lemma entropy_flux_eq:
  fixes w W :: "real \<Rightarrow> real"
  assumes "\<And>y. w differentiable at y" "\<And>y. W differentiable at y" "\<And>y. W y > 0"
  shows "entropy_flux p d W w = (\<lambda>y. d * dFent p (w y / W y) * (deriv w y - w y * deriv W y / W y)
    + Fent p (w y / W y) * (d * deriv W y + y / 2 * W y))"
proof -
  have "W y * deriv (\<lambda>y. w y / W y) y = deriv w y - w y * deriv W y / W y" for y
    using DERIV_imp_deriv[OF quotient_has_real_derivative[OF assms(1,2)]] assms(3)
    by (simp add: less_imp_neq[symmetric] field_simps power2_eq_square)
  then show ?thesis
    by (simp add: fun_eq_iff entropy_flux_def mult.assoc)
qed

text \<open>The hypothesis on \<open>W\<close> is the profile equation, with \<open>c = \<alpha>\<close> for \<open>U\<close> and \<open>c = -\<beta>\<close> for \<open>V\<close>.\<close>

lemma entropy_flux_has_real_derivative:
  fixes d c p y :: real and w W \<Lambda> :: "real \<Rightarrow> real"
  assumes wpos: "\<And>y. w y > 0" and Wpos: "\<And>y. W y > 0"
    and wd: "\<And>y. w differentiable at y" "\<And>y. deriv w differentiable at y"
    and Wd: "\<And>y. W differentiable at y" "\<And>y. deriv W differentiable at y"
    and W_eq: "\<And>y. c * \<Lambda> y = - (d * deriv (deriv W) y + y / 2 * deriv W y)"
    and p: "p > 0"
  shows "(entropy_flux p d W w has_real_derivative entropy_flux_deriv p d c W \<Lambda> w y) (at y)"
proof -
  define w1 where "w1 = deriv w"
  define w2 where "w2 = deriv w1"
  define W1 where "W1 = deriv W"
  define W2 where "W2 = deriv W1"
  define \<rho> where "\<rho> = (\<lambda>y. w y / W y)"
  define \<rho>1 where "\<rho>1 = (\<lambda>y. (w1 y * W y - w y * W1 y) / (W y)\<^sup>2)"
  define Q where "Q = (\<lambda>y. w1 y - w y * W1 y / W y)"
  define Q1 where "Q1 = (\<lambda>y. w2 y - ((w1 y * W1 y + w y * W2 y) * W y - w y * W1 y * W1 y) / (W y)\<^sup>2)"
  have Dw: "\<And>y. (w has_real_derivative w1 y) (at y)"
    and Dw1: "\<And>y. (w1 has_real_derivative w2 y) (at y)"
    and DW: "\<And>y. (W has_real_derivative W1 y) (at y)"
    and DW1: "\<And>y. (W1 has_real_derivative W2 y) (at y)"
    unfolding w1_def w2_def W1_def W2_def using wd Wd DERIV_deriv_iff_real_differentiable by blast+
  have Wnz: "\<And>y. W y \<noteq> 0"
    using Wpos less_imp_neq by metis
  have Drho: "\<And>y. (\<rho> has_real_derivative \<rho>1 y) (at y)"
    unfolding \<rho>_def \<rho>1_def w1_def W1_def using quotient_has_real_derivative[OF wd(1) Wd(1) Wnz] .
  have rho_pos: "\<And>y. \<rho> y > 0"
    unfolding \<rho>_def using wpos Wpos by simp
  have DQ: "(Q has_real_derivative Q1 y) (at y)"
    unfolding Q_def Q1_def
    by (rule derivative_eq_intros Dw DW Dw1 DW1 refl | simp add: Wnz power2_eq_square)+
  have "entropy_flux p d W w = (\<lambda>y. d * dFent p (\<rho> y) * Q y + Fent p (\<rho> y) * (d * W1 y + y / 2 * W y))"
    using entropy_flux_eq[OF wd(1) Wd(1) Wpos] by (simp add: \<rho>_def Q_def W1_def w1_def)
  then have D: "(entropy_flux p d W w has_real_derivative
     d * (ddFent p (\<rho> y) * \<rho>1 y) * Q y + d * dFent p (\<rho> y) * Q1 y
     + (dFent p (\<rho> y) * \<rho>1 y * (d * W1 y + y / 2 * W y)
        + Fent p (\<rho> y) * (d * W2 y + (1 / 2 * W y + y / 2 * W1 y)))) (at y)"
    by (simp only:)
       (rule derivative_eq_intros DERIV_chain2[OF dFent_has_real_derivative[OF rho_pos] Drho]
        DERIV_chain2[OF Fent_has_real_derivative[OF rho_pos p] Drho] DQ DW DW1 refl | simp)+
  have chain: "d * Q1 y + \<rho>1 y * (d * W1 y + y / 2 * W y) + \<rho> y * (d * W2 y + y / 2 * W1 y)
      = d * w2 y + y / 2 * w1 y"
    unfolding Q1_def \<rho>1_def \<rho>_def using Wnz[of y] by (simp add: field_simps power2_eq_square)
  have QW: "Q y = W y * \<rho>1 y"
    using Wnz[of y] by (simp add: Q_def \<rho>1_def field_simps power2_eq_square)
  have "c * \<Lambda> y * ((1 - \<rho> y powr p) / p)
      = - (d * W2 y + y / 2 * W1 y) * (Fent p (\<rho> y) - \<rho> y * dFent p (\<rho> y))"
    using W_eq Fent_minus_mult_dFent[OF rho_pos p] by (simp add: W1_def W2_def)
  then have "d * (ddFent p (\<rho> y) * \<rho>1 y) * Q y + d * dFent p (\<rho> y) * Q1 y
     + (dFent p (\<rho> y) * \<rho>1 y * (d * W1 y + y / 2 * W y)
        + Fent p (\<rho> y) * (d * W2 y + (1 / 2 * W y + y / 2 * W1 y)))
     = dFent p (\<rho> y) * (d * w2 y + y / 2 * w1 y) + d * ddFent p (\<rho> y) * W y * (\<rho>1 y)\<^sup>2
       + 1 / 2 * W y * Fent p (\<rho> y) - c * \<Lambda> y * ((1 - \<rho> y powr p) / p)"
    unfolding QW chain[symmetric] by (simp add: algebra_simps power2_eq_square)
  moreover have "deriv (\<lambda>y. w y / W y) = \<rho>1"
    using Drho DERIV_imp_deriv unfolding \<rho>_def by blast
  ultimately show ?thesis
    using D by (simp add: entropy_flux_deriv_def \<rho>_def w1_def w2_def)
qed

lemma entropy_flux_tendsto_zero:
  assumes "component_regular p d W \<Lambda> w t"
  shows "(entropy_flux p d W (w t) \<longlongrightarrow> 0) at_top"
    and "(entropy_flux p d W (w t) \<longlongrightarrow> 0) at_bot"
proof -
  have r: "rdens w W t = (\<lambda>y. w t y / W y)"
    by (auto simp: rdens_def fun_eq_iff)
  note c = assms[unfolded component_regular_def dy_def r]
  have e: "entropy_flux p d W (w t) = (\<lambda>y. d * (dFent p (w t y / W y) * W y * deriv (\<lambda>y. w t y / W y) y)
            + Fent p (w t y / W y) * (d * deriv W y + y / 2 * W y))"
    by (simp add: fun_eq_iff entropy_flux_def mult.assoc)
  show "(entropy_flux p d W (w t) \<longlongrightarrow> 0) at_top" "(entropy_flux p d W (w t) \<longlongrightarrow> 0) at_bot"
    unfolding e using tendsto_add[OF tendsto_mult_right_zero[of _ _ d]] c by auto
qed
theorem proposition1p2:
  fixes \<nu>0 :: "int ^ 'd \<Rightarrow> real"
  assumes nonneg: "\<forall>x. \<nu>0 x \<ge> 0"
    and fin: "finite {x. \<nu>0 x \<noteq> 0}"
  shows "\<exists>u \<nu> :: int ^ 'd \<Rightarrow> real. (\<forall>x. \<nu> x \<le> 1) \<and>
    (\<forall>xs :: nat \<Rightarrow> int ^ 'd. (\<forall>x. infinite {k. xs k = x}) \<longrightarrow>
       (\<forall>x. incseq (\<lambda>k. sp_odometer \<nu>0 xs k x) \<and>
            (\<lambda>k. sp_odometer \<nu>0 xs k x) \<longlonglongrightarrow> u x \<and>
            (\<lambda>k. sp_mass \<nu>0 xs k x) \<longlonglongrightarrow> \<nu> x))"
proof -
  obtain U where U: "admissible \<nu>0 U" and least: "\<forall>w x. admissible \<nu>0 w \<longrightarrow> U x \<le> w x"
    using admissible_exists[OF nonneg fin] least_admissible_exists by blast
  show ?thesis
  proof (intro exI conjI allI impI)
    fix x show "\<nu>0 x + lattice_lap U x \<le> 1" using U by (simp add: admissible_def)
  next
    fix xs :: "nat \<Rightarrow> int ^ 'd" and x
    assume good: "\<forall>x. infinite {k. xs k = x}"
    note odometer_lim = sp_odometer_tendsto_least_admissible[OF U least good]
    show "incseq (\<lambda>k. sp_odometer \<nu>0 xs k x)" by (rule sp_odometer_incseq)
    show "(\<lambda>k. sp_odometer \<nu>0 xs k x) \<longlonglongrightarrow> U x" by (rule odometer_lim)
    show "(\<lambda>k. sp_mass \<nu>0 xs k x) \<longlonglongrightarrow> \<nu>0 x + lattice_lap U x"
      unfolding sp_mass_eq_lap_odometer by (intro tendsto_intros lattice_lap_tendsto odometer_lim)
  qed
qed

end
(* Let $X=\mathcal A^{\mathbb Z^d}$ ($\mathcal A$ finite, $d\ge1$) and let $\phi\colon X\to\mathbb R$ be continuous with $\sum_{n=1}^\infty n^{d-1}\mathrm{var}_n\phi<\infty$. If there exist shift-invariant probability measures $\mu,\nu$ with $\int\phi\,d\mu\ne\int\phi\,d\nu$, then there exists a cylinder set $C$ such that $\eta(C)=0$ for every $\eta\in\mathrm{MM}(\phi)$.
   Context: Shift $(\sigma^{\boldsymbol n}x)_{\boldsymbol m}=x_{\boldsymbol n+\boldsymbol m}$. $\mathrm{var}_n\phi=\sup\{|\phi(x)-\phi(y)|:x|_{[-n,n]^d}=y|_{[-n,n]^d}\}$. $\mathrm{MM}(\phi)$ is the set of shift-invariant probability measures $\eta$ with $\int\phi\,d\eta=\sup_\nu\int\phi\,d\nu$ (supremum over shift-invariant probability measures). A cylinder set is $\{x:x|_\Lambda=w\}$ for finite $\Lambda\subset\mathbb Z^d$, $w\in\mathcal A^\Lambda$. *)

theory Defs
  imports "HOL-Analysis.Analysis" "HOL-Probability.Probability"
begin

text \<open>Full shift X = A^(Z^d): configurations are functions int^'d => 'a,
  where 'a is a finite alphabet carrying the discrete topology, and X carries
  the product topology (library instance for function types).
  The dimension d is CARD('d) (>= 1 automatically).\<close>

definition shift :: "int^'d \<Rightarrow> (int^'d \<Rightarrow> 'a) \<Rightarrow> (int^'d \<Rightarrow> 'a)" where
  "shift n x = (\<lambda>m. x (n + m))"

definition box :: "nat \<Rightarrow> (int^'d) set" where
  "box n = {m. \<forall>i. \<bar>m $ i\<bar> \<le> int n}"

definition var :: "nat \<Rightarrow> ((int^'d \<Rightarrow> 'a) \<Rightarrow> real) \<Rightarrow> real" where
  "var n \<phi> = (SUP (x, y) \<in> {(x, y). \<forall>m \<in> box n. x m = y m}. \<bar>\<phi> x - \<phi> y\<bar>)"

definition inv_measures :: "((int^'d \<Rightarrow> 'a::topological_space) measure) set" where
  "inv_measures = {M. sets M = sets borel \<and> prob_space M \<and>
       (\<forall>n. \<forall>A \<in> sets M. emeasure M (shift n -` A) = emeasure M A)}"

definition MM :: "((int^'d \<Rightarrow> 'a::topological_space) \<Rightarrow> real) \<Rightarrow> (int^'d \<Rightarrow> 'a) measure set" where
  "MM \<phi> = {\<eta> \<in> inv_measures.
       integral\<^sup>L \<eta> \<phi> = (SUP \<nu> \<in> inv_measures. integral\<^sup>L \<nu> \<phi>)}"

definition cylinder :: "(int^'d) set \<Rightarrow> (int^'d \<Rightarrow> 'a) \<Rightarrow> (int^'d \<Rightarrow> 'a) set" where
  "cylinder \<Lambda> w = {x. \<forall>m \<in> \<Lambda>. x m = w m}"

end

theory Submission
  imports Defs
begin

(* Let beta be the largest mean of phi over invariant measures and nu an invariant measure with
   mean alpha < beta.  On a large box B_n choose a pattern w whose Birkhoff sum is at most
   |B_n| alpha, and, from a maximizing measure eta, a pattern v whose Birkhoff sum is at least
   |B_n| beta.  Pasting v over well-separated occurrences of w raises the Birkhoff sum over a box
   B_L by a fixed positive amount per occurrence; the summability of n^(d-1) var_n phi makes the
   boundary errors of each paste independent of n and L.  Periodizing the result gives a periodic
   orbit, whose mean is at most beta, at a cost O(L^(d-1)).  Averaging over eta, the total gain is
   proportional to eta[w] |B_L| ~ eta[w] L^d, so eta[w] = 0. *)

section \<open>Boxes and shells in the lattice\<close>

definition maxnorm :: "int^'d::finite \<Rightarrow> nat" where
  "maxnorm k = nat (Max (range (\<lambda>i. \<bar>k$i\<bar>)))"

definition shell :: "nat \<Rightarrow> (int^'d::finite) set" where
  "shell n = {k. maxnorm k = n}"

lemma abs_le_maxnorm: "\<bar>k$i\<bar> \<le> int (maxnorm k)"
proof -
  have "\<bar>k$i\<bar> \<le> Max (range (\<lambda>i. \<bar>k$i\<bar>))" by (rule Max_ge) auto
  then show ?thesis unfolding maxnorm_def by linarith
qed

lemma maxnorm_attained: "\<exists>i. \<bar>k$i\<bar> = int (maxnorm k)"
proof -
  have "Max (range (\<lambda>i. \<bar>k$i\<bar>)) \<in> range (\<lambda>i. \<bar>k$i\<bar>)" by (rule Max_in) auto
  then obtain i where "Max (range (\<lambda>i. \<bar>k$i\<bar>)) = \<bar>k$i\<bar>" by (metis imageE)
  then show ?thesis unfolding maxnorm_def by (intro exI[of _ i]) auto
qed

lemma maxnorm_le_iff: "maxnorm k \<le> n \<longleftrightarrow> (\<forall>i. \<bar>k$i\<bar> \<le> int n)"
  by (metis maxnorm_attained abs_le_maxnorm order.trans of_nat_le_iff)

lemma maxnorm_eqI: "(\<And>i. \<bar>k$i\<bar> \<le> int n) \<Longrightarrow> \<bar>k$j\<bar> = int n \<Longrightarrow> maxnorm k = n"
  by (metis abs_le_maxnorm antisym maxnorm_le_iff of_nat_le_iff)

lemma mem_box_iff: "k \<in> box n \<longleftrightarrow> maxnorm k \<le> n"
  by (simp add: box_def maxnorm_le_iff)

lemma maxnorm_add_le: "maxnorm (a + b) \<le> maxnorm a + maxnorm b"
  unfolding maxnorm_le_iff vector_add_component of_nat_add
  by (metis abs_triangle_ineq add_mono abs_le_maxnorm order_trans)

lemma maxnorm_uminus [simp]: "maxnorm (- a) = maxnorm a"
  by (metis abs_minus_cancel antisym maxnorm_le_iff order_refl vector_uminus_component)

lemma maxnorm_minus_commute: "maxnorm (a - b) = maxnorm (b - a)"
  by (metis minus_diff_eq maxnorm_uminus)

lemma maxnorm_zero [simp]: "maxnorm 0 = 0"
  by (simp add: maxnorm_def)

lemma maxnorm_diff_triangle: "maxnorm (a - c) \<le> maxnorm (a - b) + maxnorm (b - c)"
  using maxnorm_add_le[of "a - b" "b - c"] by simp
————
**What is required:** Look above for the line containing "note c = assms[unfolded". Output from there through the line containing "x \<le> 1) \<and>", exactly and inclusively.

**Problem solution:**
  note c = assms[unfolded component_regular_def dy_def r]
  have e: "entropy_flux p d W (w t) = (\<lambda>y. d * (dFent p (w t y / W y) * W y * deriv (\<lambda>y. w t y / W y) y)
            + Fent p (w t y / W y) * (d * deriv W y + y / 2 * W y))"
    by (simp add: fun_eq_iff entropy_flux_def mult.assoc)
  show "(entropy_flux p d W (w t) \<longlongrightarrow> 0) at_top" "(entropy_flux p d W (w t) \<longlongrightarrow> 0) at_bot"
    unfolding e using tendsto_add[OF tendsto_mult_right_zero[of _ _ d]] c by auto
qed
theorem proposition1p2:
  fixes \<nu>0 :: "int ^ 'd \<Rightarrow> real"
  assumes nonneg: "\<forall>x. \<nu>0 x \<ge> 0"
    and fin: "finite {x. \<nu>0 x \<noteq> 0}"
  shows "\<exists>u \<nu> :: int ^ 'd \<Rightarrow> real. (\<forall>x. \<nu> x \<le> 1) \<and>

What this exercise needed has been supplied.